▸ PROBLEM TO WORK ON: Where the string "exists" shows up in a line of the records, copy that line.

Stored items
^^^^

(* Let $(\Omega,\mathcal{F},\mathbb{P})$ be a nonatomic probability space and let $(\Phi,\Psi)$ be an Orlicz pair as in the context. The following statements are equivalent: (1a) every proper, convex, law-invariant functional $\rho:L^\Phi\to(-\infty,\infty]$ that is norm lower semicontinuous (with respect to $\|\cdot\|_\Phi$) has the Fatou property; (1b) every proper, quasiconvex, law-invariant functional $\rho:L^\Phi\to(-\infty,\infty]$ that is norm lower semicontinuous has the Fatou property; (2) $\Phi$ satisfies the $\Delta_2$ condition.
   Context: $(\Omega,\mathcal{F},\mathbb{P})$ is a nonatomic probability space; random variables are identified up to a.s. equality. An Orlicz function is a convex, increasing $\Phi:[0,\infty)\to[0,\infty)$ with $\Phi(0)=0$; its conjugate is $\Psi(s)=\sup_{t\ge0}(ts-\Phi(t))$. Standing assumption: $\Phi(t)>0$ for $t>0$ and $\lim_{t\to\infty}\Phi(t)/t=\infty$. $L^\Phi$ is the space of random variables $X$ with $\|X\|_\Phi:=\inf\{\lambda>0:\mathbb{E}[\Phi(|X|/\lambda)]\le 1\}<\infty$ (a Banach space with this norm). $\Phi$ is $\Delta_2$ if there exist $t_0\in(0,\infty)$ and $k\in\mathbb{R}$ with $\Phi(2t)<k\Phi(t)$ for all $t\ge t_0$. A functional is proper if not identically $\infty$; quasiconvex if all sublevel sets $\{\rho\le\lambda\}$ are convex; law-invariant if $\rho(X)=\rho(Y)$ whenever $X,Y$ have the same law. $\rho$ has the Fatou property if whenever $X_n\to X$ a.s. and $|X_n|\le Y$ for some $Y\in L^\Phi$ and all $n$, then $\rho(X)\le\liminf_n\rho(X_n)$. *)

theory Defs
  imports "HOL-Probability.Probability"
begin

definition nonatomic :: "'a measure \<Rightarrow> bool" where
  "nonatomic M \<longleftrightarrow> (\<forall>A\<in>sets M. measure M A > 0 \<longrightarrow>
      (\<exists>B\<in>sets M. B \<subseteq> A \<and> 0 < measure M B \<and> measure M B < measure M A))"

definition orlicz_function :: "(real \<Rightarrow> real) \<Rightarrow> bool" where
  "orlicz_function \<Phi> \<longleftrightarrow> convex_on {0..} \<Phi> \<and> mono_on {0..} \<Phi> \<and> \<Phi> 0 = 0
     \<and> (\<forall>t>0. \<Phi> t > 0) \<and> filterlim (\<lambda>t. \<Phi> t / t) at_top at_top"

definition orlicz_conjugate :: "(real \<Rightarrow> real) \<Rightarrow> real \<Rightarrow> real" where
  "orlicz_conjugate \<Phi> s = (SUP t\<in>{0..}. t * s - \<Phi> t)"

definition orlicz_set :: "'a measure \<Rightarrow> (real \<Rightarrow> real) \<Rightarrow> ('a \<Rightarrow> real) \<Rightarrow> real set" where
  "orlicz_set M \<Phi> X = {c. c > 0 \<and> (\<integral>\<^sup>+ \<omega>. ennreal (\<Phi> (\<bar>X \<omega>\<bar> / c)) \<partial>M) \<le> 1}"

definition orlicz_space :: "'a measure \<Rightarrow> (real \<Rightarrow> real) \<Rightarrow> ('a \<Rightarrow> real) set" where
  "orlicz_space M \<Phi> = {X. X \<in> borel_measurable M \<and> orlicz_set M \<Phi> X \<noteq> {}}"

definition orlicz_norm :: "'a measure \<Rightarrow> (real \<Rightarrow> real) \<Rightarrow> ('a \<Rightarrow> real) \<Rightarrow> real" where
  "orlicz_norm M \<Phi> X = Inf (orlicz_set M \<Phi> X)"

definition Delta2 :: "(real \<Rightarrow> real) \<Rightarrow> bool" where
  "Delta2 \<Phi> \<longleftrightarrow> (\<exists>t0>0. \<exists>k::real. \<forall>t\<ge>t0. \<Phi> (2 * t) < k * \<Phi> t)"

text \<open>Properties of functionals rho on L^Phi with values in (-oo, oo]; only values on L^Phi matter.\<close>
definition proper_on :: "('a \<Rightarrow> real) set \<Rightarrow> (('a \<Rightarrow> real) \<Rightarrow> ereal) \<Rightarrow> bool" where
  "proper_on L \<rho> \<longleftrightarrow> (\<forall>X\<in>L. \<rho> X \<noteq> -\<infinity>) \<and> (\<exists>X\<in>L. \<rho> X \<noteq> \<infinity>)"

definition convex_functional :: "('a \<Rightarrow> real) set \<Rightarrow> (('a \<Rightarrow> real) \<Rightarrow> ereal) \<Rightarrow> bool" where
  "convex_functional L \<rho> \<longleftrightarrow> (\<forall>X\<in>L. \<forall>Y\<in>L. \<forall>t::real. 0 < t \<and> t < 1 \<longrightarrow>
      \<rho> (\<lambda>\<omega>. t * X \<omega> + (1 - t) * Y \<omega>) \<le> ereal t * \<rho> X + ereal (1 - t) * \<rho> Y)"

definition quasiconvex_functional :: "('a \<Rightarrow> real) set \<Rightarrow> (('a \<Rightarrow> real) \<Rightarrow> ereal) \<Rightarrow> bool" where
  "quasiconvex_functional L \<rho> \<longleftrightarrow> (\<forall>c::real. \<forall>X\<in>L. \<forall>Y\<in>L. \<forall>t::real.
      \<rho> X \<le> ereal c \<and> \<rho> Y \<le> ereal c \<and> 0 \<le> t \<and> t \<le> 1 \<longrightarrow>
      \<rho> (\<lambda>\<omega>. t * X \<omega> + (1 - t) * Y \<omega>) \<le> ereal c)"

^^^^

▸ EXERCISE RESPONSE:
      (\<exists>B\<in>sets M. B \<subseteq> A \<and> 0 < measure M B \<and> measure M B < measure M A))"
  "Delta2 \<Phi> \<longleftrightarrow> (\<exists>t0>0. \<exists>k::real. \<forall>t\<ge>t0. \<Phi> (2 * t) < k * \<Phi> t)"
  "proper_on L \<rho> \<longleftrightarrow> (\<forall>X\<in>L. \<rho> X \<noteq> -\<infinity>) \<and> (\<exists>X\<in>L. \<rho> X \<noteq> \<infinity>)"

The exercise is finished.